(Stored items)
+ + + +

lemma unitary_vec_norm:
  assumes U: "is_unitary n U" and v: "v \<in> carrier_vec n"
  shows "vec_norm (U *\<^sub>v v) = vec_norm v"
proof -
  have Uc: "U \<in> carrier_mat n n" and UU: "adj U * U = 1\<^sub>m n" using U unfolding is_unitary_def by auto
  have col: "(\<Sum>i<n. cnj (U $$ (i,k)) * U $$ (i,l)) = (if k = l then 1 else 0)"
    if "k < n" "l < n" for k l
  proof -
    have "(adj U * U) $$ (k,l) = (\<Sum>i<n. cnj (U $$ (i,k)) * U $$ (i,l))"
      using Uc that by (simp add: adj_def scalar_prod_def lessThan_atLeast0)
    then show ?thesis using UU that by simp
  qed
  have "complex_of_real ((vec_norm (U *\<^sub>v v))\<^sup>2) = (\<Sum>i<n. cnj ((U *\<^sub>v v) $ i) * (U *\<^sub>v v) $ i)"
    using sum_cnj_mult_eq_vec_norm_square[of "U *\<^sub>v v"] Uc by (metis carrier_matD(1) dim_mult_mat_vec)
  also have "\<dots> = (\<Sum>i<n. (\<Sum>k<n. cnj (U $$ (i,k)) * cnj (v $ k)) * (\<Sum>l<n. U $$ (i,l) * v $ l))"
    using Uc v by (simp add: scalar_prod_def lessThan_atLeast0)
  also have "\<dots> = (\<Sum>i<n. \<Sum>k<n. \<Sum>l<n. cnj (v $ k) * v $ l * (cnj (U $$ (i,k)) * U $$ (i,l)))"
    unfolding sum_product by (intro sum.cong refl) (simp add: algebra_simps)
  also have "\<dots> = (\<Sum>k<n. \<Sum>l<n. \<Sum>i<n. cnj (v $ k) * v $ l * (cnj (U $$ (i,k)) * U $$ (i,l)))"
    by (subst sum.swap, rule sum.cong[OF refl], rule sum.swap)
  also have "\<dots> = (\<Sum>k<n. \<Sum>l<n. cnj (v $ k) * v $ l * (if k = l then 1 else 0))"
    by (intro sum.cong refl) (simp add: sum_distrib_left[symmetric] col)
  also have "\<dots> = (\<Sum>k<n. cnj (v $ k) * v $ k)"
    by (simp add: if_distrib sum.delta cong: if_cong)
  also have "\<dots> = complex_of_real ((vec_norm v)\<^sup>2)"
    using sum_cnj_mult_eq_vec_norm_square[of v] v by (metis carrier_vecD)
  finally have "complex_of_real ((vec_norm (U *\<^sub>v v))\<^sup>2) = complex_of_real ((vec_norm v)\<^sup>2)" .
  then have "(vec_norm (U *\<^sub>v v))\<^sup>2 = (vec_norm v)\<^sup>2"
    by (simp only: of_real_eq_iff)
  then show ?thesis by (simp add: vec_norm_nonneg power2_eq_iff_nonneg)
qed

+ + + +

- _TASK TO COMPLETE_
Transcribe the records above from the line holding "(\<Sum>i<n. (\<Sum>k<n. cnj" down to the line holding "by (intro sum.cong refl) (simp add: sum_distrib_left[symmetric]", inclusive, without adding anything.

- _RESPONSE TO THE TASK_
  also have "\<dots> = (\<Sum>i<n. (\<Sum>k<n. cnj (U $$ (i,k)) * cnj (v $ k)) * (\<Sum>l<n. U $$ (i,l) * v $ l))"
    using Uc v by (simp add: scalar_prod_def lessThan_atLeast0)
  also have "\<dots> = (\<Sum>i<n. \<Sum>k<n. \<Sum>l<n. cnj (v $ k) * v $ l * (cnj (U $$ (i,k)) * U $$ (i,l)))"
    unfolding sum_product by (intro sum.cong refl) (simp add: algebra_simps)
  also have "\<dots> = (\<Sum>k<n. \<Sum>l<n. \<Sum>i<n. cnj (v $ k) * v $ l * (cnj (U $$ (i,k)) * U $$ (i,l)))"
    by (subst sum.swap, rule sum.cong[OF refl], rule sum.swap)
  also have "\<dots> = (\<Sum>k<n. \<Sum>l<n. cnj (v $ k) * v $ l * (if k = l then 1 else 0))"
    by (intro sum.cong refl) (simp add: sum_distrib_left[symmetric] col)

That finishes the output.